*** Available data ***

(* Let $t>204$ be an integer and $P(x,y)=x^{4}+4tx^{3}y-6tx^{2}y^{2}-4t^{2}xy^{3}+t^{2}y^{4}$. Fix complex numbers $\alpha,\beta$ with $\alpha^4=1+i\sqrt t$ and $\beta^4=-1+i\sqrt t$, and for integers $x,y$ put $\xi(x,y)=\sqrt2\,\alpha\,(x-i\sqrt t\,y)$, $\eta(x,y)=\sqrt2\,\beta\,(x+i\sqrt t\,y)$ and $z(x,y)=1-\left(\eta(x,y)/\xi(x,y)\right)^4$. Suppose $(x,y)$ is a pair of positive integers with $0<P(x,y)\le t^2$ and $xy>64t^3$, and let $\omega_j\in\{1,i,-1,-i\}$ satisfy $$\left|\omega_j-\frac{\eta(x,y)}{\xi(x,y)}\right|=\min_{0\le k\le 3}\left|e^{k\pi i/2}-\frac{\eta(x,y)}{\xi(x,y)}\right|.$$ Then $\left|\omega_j-\frac{\eta(x,y)}{\xi(x,y)}\right|<\frac{\pi}{12}\,|z(x,y)|$.
   Context: Note $\xi^4=4(\sqrt{-t}+1)(x-\sqrt{-t}y)^4$, $\eta^4=4(\sqrt{-t}-1)(x+\sqrt{-t}y)^4$ and $P=\frac18(\xi^4-\eta^4)$, with $\sqrt{-t}=i\sqrt t$. *)

theory Defs
  imports Complex_Main
begin

definition Pform :: "int \<Rightarrow> int \<Rightarrow> int \<Rightarrow> int" where
  "Pform t x y = x^4 + 4*t*x^3*y - 6*t*x^2*y^2 - 4*t^2*x*y^3 + t^2*y^4"

definition xi_fn :: "int \<Rightarrow> complex \<Rightarrow> int \<Rightarrow> int \<Rightarrow> complex" where
  "xi_fn t \<alpha> x y = complex_of_real (sqrt 2) * \<alpha> *
     (of_int x - \<i> * complex_of_real (sqrt (of_int t)) * of_int y)"

definition eta_fn :: "int \<Rightarrow> complex \<Rightarrow> int \<Rightarrow> int \<Rightarrow> complex" where
  "eta_fn t \<beta> x y = complex_of_real (sqrt 2) * \<beta> *
     (of_int x + \<i> * complex_of_real (sqrt (of_int t)) * of_int y)"

definition z_fn :: "int \<Rightarrow> complex \<Rightarrow> complex \<Rightarrow> int \<Rightarrow> int \<Rightarrow> complex" where
  "z_fn t \<alpha> \<beta> x y = 1 - (eta_fn t \<beta> x y / xi_fn t \<alpha> x y) ^ 4"

end

theory Submission
  imports Defs "HOL-Analysis.Complex_Transcendental"
begin

text \<open>
  Since \<open>\<xi>\<^sup>4 - \<eta>\<^sup>4 = 8 P(x, y)\<close> and \<open>|\<xi>|\<^sup>4 \<ge> 4 |x - i\<surd>t y|\<^sup>4 \<ge> 16 (xy)\<^sup>2\<close>, the hypotheses
  \<open>0 < P \<le> t\<^sup>2\<close> and \<open>xy > 64 t\<^sup>3\<close> force \<open>0 < |z| < 1/(8192 t\<^sup>4) < 10\<^sup>-\<^sup>8\<close>, where
  \<open>z = 1 - u\<^sup>4\<close> for \<open>u = \<eta>/\<xi>\<close>. So \<open>u\<close> is very close to a fourth root of unity. After
  rotating the nearest one \<open>\<omega>\<close> to \<open>1\<close>, write \<open>1 - u\<^sup>4 = (1 - u)(1 + u)(1 + u\<^sup>2)\<close>:
  the first factor is tiny and the other two are close to \<open>2\<close>, so their product exceeds
  \<open>12/\<pi>\<close>.
\<close>

lemma of_real_sqrt2_power4: "complex_of_real (sqrt 2) ^ 4 = 4"
proof -
  have "sqrt (2::real) ^ 4 = 4"
    by (simp add: power4_eq_xxxx)
  then show ?thesis
    by (metis of_real_power of_real_numeral)
qed

lemma xi_fn_power4:
  assumes "\<alpha> ^ 4 = 1 + \<i> * complex_of_real (sqrt (of_int t))"
  shows "xi_fn t \<alpha> x y ^ 4 = 4 * (1 + \<i> * complex_of_real (sqrt (of_int t))) *
           (of_int x - \<i> * complex_of_real (sqrt (of_int t)) * of_int y) ^ 4"
  unfolding xi_fn_def by (simp add: power_mult_distrib assms of_real_sqrt2_power4)

lemma eta_fn_power4:
  assumes "\<beta> ^ 4 = -1 + \<i> * complex_of_real (sqrt (of_int t))"
  shows "eta_fn t \<beta> x y ^ 4 = 4 * (-1 + \<i> * complex_of_real (sqrt (of_int t))) *
           (of_int x + \<i> * complex_of_real (sqrt (of_int t)) * of_int y) ^ 4"
  unfolding eta_fn_def by (simp add: power_mult_distrib assms of_real_sqrt2_power4)

lemma quartic_form_identity:
  fixes I S T a b :: "'a :: idom"
  assumes "I^2 = -1" and "S^2 = T"
  shows "4 * (1 + I * S) * (a - I * S * b)^4 - 4 * (-1 + I * S) * (a + I * S * b)^4 =
         8 * (a^4 + 4 * T * a^3 * b - 6 * T * a^2 * b^2 - 4 * T^2 * a * b^3 + T^2 * b^4)"
  using assms by algebra

lemma xi_fn_power4_diff_eta_fn_power4:
  assumes "t \<ge> 0"
    and "\<alpha> ^ 4 = 1 + \<i> * complex_of_real (sqrt (of_int t))"
    and "\<beta> ^ 4 = -1 + \<i> * complex_of_real (sqrt (of_int t))"
  shows "xi_fn t \<alpha> x y ^ 4 - eta_fn t \<beta> x y ^ 4 = 8 * of_int (Pform t x y)"
proof -
  have "complex_of_real (sqrt (of_int t)) ^ 2 = of_int t"
    using assms(1) by (simp flip: of_real_power)
  from quartic_form_identity[OF _ this, of "\<i>" "of_int x" "of_int y"] show ?thesis
    unfolding xi_fn_power4[OF assms(2)] eta_fn_power4[OF assms(3)] Pform_def by simp
qed

lemma norm_xi_fn_power4_ge:
  assumes "t \<ge> 1" and "\<alpha> ^ 4 = 1 + \<i> * complex_of_real (sqrt (of_int t))"
  shows "16 * of_int (x * y) ^ 2 \<le> cmod (xi_fn t \<alpha> x y ^ 4)"
proof -
  define s where "s = sqrt (of_int t)"
  define X where "X = of_int x - \<i> * complex_of_real s * of_int y"
  have "cmod (1 + \<i> * complex_of_real s) \<ge> 1"
    using abs_Re_le_cmod[of "1 + \<i> * complex_of_real s"] by simp
  moreover have "2 * \<bar>of_int (x * y)\<bar> \<le> cmod X ^ 2"
  proof -
    have "cmod X ^ 2 = of_int x ^ 2 + of_int t * of_int y ^ 2"
      using assms(1) by (simp add: X_def s_def cmod_power2 power_mult_distrib)
    moreover have "of_int y ^ 2 \<le> of_int t * (of_int y ^ 2 :: real)"
      using assms(1) by (simp add: mult_le_cancel_right1)
    ultimately show ?thesis
      using sum_squares_bound[of "\<bar>of_int x\<bar>" "\<bar>of_int y :: real\<bar>"] by (simp add: abs_mult)
  qed
  then have "(2 * \<bar>of_int (x * y)\<bar>) ^ 2 \<le> (cmod X ^ 2) ^ 2"
    by (rule power_mono) simp
  ultimately have "1 * (4 * of_int (x * y) ^ 2) \<le> cmod (1 + \<i> * complex_of_real s) * cmod X ^ 4"
    by (intro mult_mono) (simp_all add: power_mult_distrib flip: power_mult)
  then show ?thesis
    unfolding xi_fn_power4[OF assms(2)] s_def[symmetric] X_def[symmetric]
    by (simp only: norm_mult norm_power) (simp add: mult.commute)
qed

lemma z_fn_eq:
  assumes "t \<ge> 0"
    and "\<alpha> ^ 4 = 1 + \<i> * complex_of_real (sqrt (of_int t))"
    and "\<beta> ^ 4 = -1 + \<i> * complex_of_real (sqrt (of_int t))"
    and "xi_fn t \<alpha> x y \<noteq> 0"
  shows "z_fn t \<alpha> \<beta> x y = 8 * of_int (Pform t x y) / xi_fn t \<alpha> x y ^ 4"
  unfolding z_fn_def xi_fn_power4_diff_eta_fn_power4[OF assms(1-3), symmetric]
  using assms(4) by (simp add: power_divide diff_divide_distrib)

lemma norm_z_fn_bounds:
  assumes "t > 204"
    and "\<alpha> ^ 4 = 1 + \<i> * complex_of_real (sqrt (of_int t))"
    and "\<beta> ^ 4 = -1 + \<i> * complex_of_real (sqrt (of_int t))"
    and "0 < Pform t x y" and "Pform t x y \<le> t^2"
    and "x * y > 64 * t^3"
  shows "0 < cmod (z_fn t \<alpha> \<beta> x y)" and "cmod (z_fn t \<alpha> \<beta> x y) < 1/10^8"
proof -
  define T P where "T = real_of_int t" and "P = real_of_int (Pform t x y)"
  have "T > 204" and "0 < P" and "P \<le> T^2"
    using assms(1,4,5) unfolding T_def P_def by simp_all
  have "64 * T^3 < real_of_int (x * y)"
    using assms(6) unfolding T_def
    by (metis of_int_less_iff of_int_mult of_int_power of_int_numeral)
  then have "(64 * T^3)^2 < real_of_int (x * y) ^ 2"
    using \<open>T > 204\<close> by (intro power_strict_mono) simp_all
  then have xi_large: "16 * (64 * T^3)^2 \<le> cmod (xi_fn t \<alpha> x y ^ 4)"
    using norm_xi_fn_power4_ge[of t \<alpha> x y] assms(1,2) by simp
  then have "xi_fn t \<alpha> x y \<noteq> 0"
    using \<open>T > 204\<close> by auto
  then have z: "cmod (z_fn t \<alpha> \<beta> x y) = 8 * P / cmod (xi_fn t \<alpha> x y ^ 4)"
    using z_fn_eq[of t \<alpha> \<beta> x y] assms(1-4) unfolding P_def by (simp add: norm_divide)
  show "0 < cmod (z_fn t \<alpha> \<beta> x y)"
    using z \<open>0 < P\<close> \<open>xi_fn t \<alpha> x y \<noteq> 0\<close> by simp
  have "cmod (z_fn t \<alpha> \<beta> x y) \<le> 8 * T^2 / (16 * (64 * T^3)^2)"
    unfolding z using \<open>0 < P\<close> \<open>P \<le> T^2\<close> xi_large \<open>T > 204\<close> by (intro frac_le) simp_all
  also have "\<dots> = 1 / (8192 * T^4)"
    using \<open>T > 204\<close> by (simp add: field_simps power2_eq_square power3_eq_cube power4_eq_xxxx)
  also have "\<dots> < 1/10^8"
  proof -
    have "204^4 \<le> T^4"
      using \<open>T > 204\<close> by (intro power_mono) simp_all
    then have "10^8 < 8192 * T^4"
      by simp
    then show ?thesis
      by (intro divide_strict_left_mono) (use \<open>T > 204\<close> in simp_all)
  qed
  finally show "cmod (z_fn t \<alpha> \<beta> x y) < 1/10^8" .
qed

lemma exp_quarter_turns:
  "(\<lambda>k::nat. exp (of_nat k * of_real pi * \<i> / 2)) ` {0..3} = {1, \<i>, -1, -\<i>}"
proof -
  have "exp (of_nat k * of_real pi * \<i> / 2) = \<i> ^ k" for k
  proof -
    have "exp (of_real pi * \<i> / 2) = \<i>"
      using cis_conv_exp[of "pi/2"] by (simp add: mult.commute)
    then show ?thesis
      by (metis exp_of_nat_mult times_divide_eq_right mult.assoc)
  qed
  then show ?thesis
    by (simp add: numeral_3_eq_3 atLeastAtMostSuc_conv insert_commute power_numeral_reduce)
qed

lemma nearest_quarter_turn_one:
  fixes u :: complex
  assumes near: "\<And>\<zeta>. \<zeta> \<in> {1, \<i>, -1, -\<i>} \<Longrightarrow> cmod (1 - u) \<le> cmod (\<zeta> - u)"
    and small: "cmod (1 - u^4) < 1/10^8" and nonzero: "u^4 \<noteq> 1"
  shows "cmod (1 - u) < pi/12 * cmod (1 - u^4)"
proof -
  define a b c where "a = cmod (1 - u)" and "b = cmod (1 + u)" and "c = cmod (1 + u^2)"
  have "cmod (1 - u^4) = a * cmod (-1 - u) * (cmod (\<i> - u) * cmod (-\<i> - u))"
  proof -
    have "1 - u^4 = - ((1 - u) * (-1 - u) * ((\<i> - u) * (-\<i> - u)))"
      by (simp add: algebra_simps power4_eq_xxxx)
    then show ?thesis
      unfolding a_def by (simp only: norm_minus_cancel norm_mult)
  qed
  also have "\<dots> \<ge> a * a * (a * a)"
    unfolding a_def using near by (intro mult_mono) auto
  finally have "a^4 < (1/100)^4"
    using small by (simp add: power4_eq_xxxx)
  then have a_small: "a < 1/100"
    by (rule power_less_imp_less_base) simp
  have a_pos: "a > 0"
    using nonzero unfolding a_def by auto
  have "2 \<le> b + a" and "b \<le> 2 + a"
    using norm_triangle_ineq[of "1 + u" "1 - u"] norm_triangle_ineq4[of 2 "1 - u"]
    unfolding a_def b_def by simp_all
  moreover have "2 \<le> c + a * b"
  proof -
    have "(1 + u^2) + (1 - u) * (1 + u) = 2"
      by (simp add: algebra_simps power2_eq_square)
    then show ?thesis
      using norm_triangle_ineq[of "1 + u^2" "(1 - u) * (1 + u)"]
      unfolding a_def b_def c_def by (simp only: norm_mult norm_numeral)
  qed
  ultimately have "b \<ge> 199/100" and "c \<ge> 197/100"
    using a_small a_pos mult_mono[of a "1/100" b "2 + 1/100"] by auto
  then have "(157/50) * (199/100 * (197/100)) \<le> pi * (b * c)"
    using pi_approx by (intro mult_mono) auto
  then have "1 < pi/12 * (b * c)"
    by simp
  moreover have "cmod (1 - u^4) = a * (b * c)"
    unfolding a_def b_def c_def
    by (simp flip: norm_mult add: algebra_simps power4_eq_xxxx power2_eq_square)
  ultimately show ?thesis
    using a_pos unfolding a_def[symmetric] by (simp add: mult.left_commute)
qed

lemma nearest_quarter_turn:
  fixes w \<omega> :: complex
  assumes \<omega>: "\<omega> \<in> {1, \<i>, -1, -\<i>}"
    and near: "\<And>\<zeta>. \<zeta> \<in> {1, \<i>, -1, -\<i>} \<Longrightarrow> cmod (\<omega> - w) \<le> cmod (\<zeta> - w)"
    and small: "cmod (1 - w^4) < 1/10^8" and nonzero: "w^4 \<noteq> 1"
  shows "cmod (\<omega> - w) < pi/12 * cmod (1 - w^4)"
proof -
  have unit: "cmod \<omega> = 1" and "\<omega> \<noteq> 0" and "\<omega>^4 = 1"
    using \<omega> by auto
  define u where "u = w / \<omega>"
  have dist: "cmod (\<zeta> - u) = cmod (\<zeta> * \<omega> - w)" for \<zeta>
  proof -
    have "\<zeta> - u = (\<zeta> * \<omega> - w) / \<omega>"
      using \<open>\<omega> \<noteq> 0\<close> by (simp add: u_def field_simps)
    then show ?thesis
      by (simp add: norm_divide unit)
  qed
  have "u^4 = w^4"
    using \<open>\<omega>^4 = 1\<close> by (simp add: u_def power_divide)
  moreover have "cmod (1 - u) \<le> cmod (\<zeta> - u)" if "\<zeta> \<in> {1, \<i>, -1, -\<i>}" for \<zeta>
    unfolding dist using near[of "\<zeta> * \<omega>"] that \<omega> by auto
  ultimately show ?thesis
    using nearest_quarter_turn_one[of u] small nonzero by (simp add: dist)
qed

theorem lemma3p2:
  fixes t x y :: int and \<alpha> \<beta> \<omega> :: complex
  assumes "t > 204"
    and "\<alpha> ^ 4 = 1 + \<i> * complex_of_real (sqrt (of_int t))"
    and "\<beta> ^ 4 = -1 + \<i> * complex_of_real (sqrt (of_int t))"
    and "x > 0" and "y > 0"
    and "0 < Pform t x y" and "Pform t x y \<le> t^2"
    and "x * y > 64 * t^3"
    and "\<omega> \<in> {1, \<i>, -1, -\<i>}"
    and "cmod (\<omega> - eta_fn t \<beta> x y / xi_fn t \<alpha> x y) =
         Min ((\<lambda>k::nat. cmod (exp (of_nat k * of_real pi * \<i> / 2) - eta_fn t \<beta> x y / xi_fn t \<alpha> x y)) ` {0..3})"
  shows "cmod (\<omega> - eta_fn t \<beta> x y / xi_fn t \<alpha> x y) < pi / 12 * cmod (z_fn t \<alpha> \<beta> x y)"
proof -
  define w where "w = eta_fn t \<beta> x y / xi_fn t \<alpha> x y"
  have z: "z_fn t \<alpha> \<beta> x y = 1 - w^4"
    unfolding z_fn_def w_def ..
  have min: "cmod (\<omega> - w) = Min ((\<lambda>\<zeta>. cmod (\<zeta> - w)) ` {1, \<i>, -1, -\<i>})"
    using assms(10) unfolding w_def[symmetric] exp_quarter_turns[symmetric] image_image .
  have near: "cmod (\<omega> - w) \<le> cmod (\<zeta> - w)" if "\<zeta> \<in> {1, \<i>, -1, -\<i>}" for \<zeta>
    unfolding min by (rule Min_le) (use that in auto)
  have "0 < cmod (1 - w^4)" and "cmod (1 - w^4) < 1/10^8"
    using norm_z_fn_bounds[OF assms(1-3,6-8)] unfolding z by simp_all
  then show ?thesis
    unfolding z w_def[symmetric] using nearest_quarter_turn[OF assms(9) near] by auto
qed

end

***

■ About this exercise
Above are the records; repeat exactly the lines from the one holding "(2::real) ^ 4" down to the one holding "complex_of_real s) \<ge>", end lines included.

■ Reply
  have "sqrt (2::real) ^ 4 = 4"
    by (simp add: power4_eq_xxxx)
  then show ?thesis
    by (metis of_real_power of_real_numeral)
qed

lemma xi_fn_power4:
  assumes "\<alpha> ^ 4 = 1 + \<i> * complex_of_real (sqrt (of_int t))"
  shows "xi_fn t \<alpha> x y ^ 4 = 4 * (1 + \<i> * complex_of_real (sqrt (of_int t))) *
           (of_int x - \<i> * complex_of_real (sqrt (of_int t)) * of_int y) ^ 4"
  unfolding xi_fn_def by (simp add: power_mult_distrib assms of_real_sqrt2_power4)

lemma eta_fn_power4:
  assumes "\<beta> ^ 4 = -1 + \<i> * complex_of_real (sqrt (of_int t))"
  shows "eta_fn t \<beta> x y ^ 4 = 4 * (-1 + \<i> * complex_of_real (sqrt (of_int t))) *
           (of_int x + \<i> * complex_of_real (sqrt (of_int t)) * of_int y) ^ 4"
  unfolding eta_fn_def by (simp add: power_mult_distrib assms of_real_sqrt2_power4)

lemma quartic_form_identity:
  fixes I S T a b :: "'a :: idom"
  assumes "I^2 = -1" and "S^2 = T"
  shows "4 * (1 + I * S) * (a - I * S * b)^4 - 4 * (-1 + I * S) * (a + I * S * b)^4 =
         8 * (a^4 + 4 * T * a^3 * b - 6 * T * a^2 * b^2 - 4 * T^2 * a * b^3 + T^2 * b^4)"
  using assms by algebra

lemma xi_fn_power4_diff_eta_fn_power4:
  assumes "t \<ge> 0"
    and "\<alpha> ^ 4 = 1 + \<i> * complex_of_real (sqrt (of_int t))"
    and "\<beta> ^ 4 = -1 + \<i> * complex_of_real (sqrt (of_int t))"
  shows "xi_fn t \<alpha> x y ^ 4 - eta_fn t \<beta> x y ^ 4 = 8 * of_int (Pform t x y)"
proof -
  have "complex_of_real (sqrt (of_int t)) ^ 2 = of_int t"
    using assms(1) by (simp flip: of_real_power)
  from quartic_form_identity[OF _ this, of "\<i>" "of_int x" "of_int y"] show ?thesis
    unfolding xi_fn_power4[OF assms(2)] eta_fn_power4[OF assms(3)] Pform_def by simp
qed

lemma norm_xi_fn_power4_ge:
  assumes "t \<ge> 1" and "\<alpha> ^ 4 = 1 + \<i> * complex_of_real (sqrt (of_int t))"
  shows "16 * of_int (x * y) ^ 2 \<le> cmod (xi_fn t \<alpha> x y ^ 4)"
proof -
  define s where "s = sqrt (of_int t)"
  define X where "X = of_int x - \<i> * complex_of_real s * of_int y"
  have "cmod (1 + \<i> * complex_of_real s) \<ge> 1"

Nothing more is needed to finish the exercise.